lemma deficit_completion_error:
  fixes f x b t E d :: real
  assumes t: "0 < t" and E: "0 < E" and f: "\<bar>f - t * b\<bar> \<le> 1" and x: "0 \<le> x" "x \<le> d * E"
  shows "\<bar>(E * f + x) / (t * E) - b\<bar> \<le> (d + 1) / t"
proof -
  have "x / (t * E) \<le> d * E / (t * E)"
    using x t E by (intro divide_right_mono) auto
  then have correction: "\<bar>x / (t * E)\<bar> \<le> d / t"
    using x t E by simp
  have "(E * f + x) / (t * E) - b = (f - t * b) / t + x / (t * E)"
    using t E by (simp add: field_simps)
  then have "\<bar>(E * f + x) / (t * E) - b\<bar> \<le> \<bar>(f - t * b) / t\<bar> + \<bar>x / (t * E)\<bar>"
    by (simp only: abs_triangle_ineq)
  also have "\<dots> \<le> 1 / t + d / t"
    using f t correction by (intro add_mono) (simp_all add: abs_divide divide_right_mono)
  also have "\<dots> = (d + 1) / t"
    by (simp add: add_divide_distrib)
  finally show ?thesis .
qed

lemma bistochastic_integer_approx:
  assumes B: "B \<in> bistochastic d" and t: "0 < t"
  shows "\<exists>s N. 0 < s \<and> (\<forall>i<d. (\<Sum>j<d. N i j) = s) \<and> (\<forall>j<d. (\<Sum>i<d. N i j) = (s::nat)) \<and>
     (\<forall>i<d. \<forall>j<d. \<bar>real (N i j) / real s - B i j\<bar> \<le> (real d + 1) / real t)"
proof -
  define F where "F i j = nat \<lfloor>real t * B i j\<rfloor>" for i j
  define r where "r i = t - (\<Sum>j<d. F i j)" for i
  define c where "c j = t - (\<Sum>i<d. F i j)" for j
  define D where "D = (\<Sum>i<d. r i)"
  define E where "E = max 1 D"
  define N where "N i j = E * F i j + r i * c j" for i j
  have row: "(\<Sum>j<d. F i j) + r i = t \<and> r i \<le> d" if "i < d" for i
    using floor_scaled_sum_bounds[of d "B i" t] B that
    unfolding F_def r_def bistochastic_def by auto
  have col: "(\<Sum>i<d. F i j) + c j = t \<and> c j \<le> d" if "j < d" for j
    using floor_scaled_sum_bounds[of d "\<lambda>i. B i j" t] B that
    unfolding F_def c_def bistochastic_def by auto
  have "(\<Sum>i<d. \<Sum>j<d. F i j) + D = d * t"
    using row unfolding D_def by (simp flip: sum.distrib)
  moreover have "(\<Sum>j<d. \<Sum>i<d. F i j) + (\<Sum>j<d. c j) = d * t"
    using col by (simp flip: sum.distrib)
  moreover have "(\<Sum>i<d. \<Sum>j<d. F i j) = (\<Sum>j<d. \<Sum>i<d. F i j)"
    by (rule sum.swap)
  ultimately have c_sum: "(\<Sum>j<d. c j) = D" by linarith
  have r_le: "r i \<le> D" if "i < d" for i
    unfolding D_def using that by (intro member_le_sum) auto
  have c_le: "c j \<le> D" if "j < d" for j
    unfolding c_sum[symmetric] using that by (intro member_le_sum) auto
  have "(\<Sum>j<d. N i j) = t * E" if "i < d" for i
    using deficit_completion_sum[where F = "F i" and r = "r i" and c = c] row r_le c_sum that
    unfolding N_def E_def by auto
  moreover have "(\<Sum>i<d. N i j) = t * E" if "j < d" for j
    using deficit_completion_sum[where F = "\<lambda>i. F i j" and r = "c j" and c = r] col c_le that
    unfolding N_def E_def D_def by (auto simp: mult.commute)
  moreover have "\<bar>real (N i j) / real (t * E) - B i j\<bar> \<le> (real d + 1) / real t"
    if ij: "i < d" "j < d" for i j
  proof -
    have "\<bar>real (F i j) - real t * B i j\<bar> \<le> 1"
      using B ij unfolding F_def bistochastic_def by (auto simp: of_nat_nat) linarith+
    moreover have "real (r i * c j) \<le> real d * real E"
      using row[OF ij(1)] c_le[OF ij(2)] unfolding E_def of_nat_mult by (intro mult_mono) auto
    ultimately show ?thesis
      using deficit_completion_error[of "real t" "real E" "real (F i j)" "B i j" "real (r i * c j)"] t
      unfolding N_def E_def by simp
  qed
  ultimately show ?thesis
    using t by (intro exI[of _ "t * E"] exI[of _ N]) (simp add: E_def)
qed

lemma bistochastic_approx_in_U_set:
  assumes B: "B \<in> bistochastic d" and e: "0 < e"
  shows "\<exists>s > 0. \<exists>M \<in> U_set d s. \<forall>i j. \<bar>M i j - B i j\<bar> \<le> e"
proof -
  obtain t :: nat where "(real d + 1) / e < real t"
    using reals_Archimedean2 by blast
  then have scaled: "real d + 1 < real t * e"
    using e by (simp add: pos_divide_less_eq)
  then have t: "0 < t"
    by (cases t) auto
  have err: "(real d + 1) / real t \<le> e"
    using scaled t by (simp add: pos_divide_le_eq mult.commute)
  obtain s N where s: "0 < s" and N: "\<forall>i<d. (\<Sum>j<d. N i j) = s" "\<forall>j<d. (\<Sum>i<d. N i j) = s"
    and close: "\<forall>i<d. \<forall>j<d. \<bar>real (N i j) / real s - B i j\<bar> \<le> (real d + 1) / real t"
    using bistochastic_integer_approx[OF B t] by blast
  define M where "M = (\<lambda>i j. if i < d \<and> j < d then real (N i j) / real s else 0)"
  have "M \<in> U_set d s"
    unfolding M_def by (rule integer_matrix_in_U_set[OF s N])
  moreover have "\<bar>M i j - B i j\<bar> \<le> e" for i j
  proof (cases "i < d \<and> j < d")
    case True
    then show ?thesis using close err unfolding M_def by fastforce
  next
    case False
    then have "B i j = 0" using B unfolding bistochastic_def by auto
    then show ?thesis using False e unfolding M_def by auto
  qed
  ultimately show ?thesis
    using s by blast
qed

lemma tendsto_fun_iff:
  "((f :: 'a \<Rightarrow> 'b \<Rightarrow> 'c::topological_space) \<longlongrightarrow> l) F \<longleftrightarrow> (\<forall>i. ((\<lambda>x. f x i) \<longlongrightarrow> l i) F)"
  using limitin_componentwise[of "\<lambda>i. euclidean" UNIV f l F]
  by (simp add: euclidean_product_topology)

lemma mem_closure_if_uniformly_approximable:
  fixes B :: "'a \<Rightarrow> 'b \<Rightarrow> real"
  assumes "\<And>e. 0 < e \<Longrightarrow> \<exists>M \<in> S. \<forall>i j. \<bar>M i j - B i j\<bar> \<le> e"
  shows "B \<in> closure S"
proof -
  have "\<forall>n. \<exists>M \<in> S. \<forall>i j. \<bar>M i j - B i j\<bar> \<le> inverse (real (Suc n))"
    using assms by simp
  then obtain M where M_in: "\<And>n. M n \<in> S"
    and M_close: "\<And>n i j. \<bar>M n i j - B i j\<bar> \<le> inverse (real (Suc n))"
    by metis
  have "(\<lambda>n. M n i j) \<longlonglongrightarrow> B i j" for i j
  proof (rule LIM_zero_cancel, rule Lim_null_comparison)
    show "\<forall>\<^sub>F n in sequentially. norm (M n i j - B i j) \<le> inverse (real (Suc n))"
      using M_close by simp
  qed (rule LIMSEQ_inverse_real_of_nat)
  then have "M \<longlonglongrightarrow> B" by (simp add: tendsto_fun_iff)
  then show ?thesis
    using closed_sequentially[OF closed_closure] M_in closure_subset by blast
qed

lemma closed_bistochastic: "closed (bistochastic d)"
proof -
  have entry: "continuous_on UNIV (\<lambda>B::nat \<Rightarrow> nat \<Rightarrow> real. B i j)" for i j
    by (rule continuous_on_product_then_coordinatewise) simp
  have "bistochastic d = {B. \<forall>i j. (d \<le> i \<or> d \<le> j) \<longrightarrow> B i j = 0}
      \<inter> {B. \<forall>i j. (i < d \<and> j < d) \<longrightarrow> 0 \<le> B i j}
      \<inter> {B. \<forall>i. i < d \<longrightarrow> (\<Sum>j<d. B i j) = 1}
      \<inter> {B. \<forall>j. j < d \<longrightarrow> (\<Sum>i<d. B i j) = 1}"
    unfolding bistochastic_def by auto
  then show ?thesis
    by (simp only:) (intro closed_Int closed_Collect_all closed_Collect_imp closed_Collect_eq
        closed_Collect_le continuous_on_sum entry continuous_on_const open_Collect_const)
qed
● ● ● ● ●
In the records above, how many lines hold the string "also"? Give the number only.

2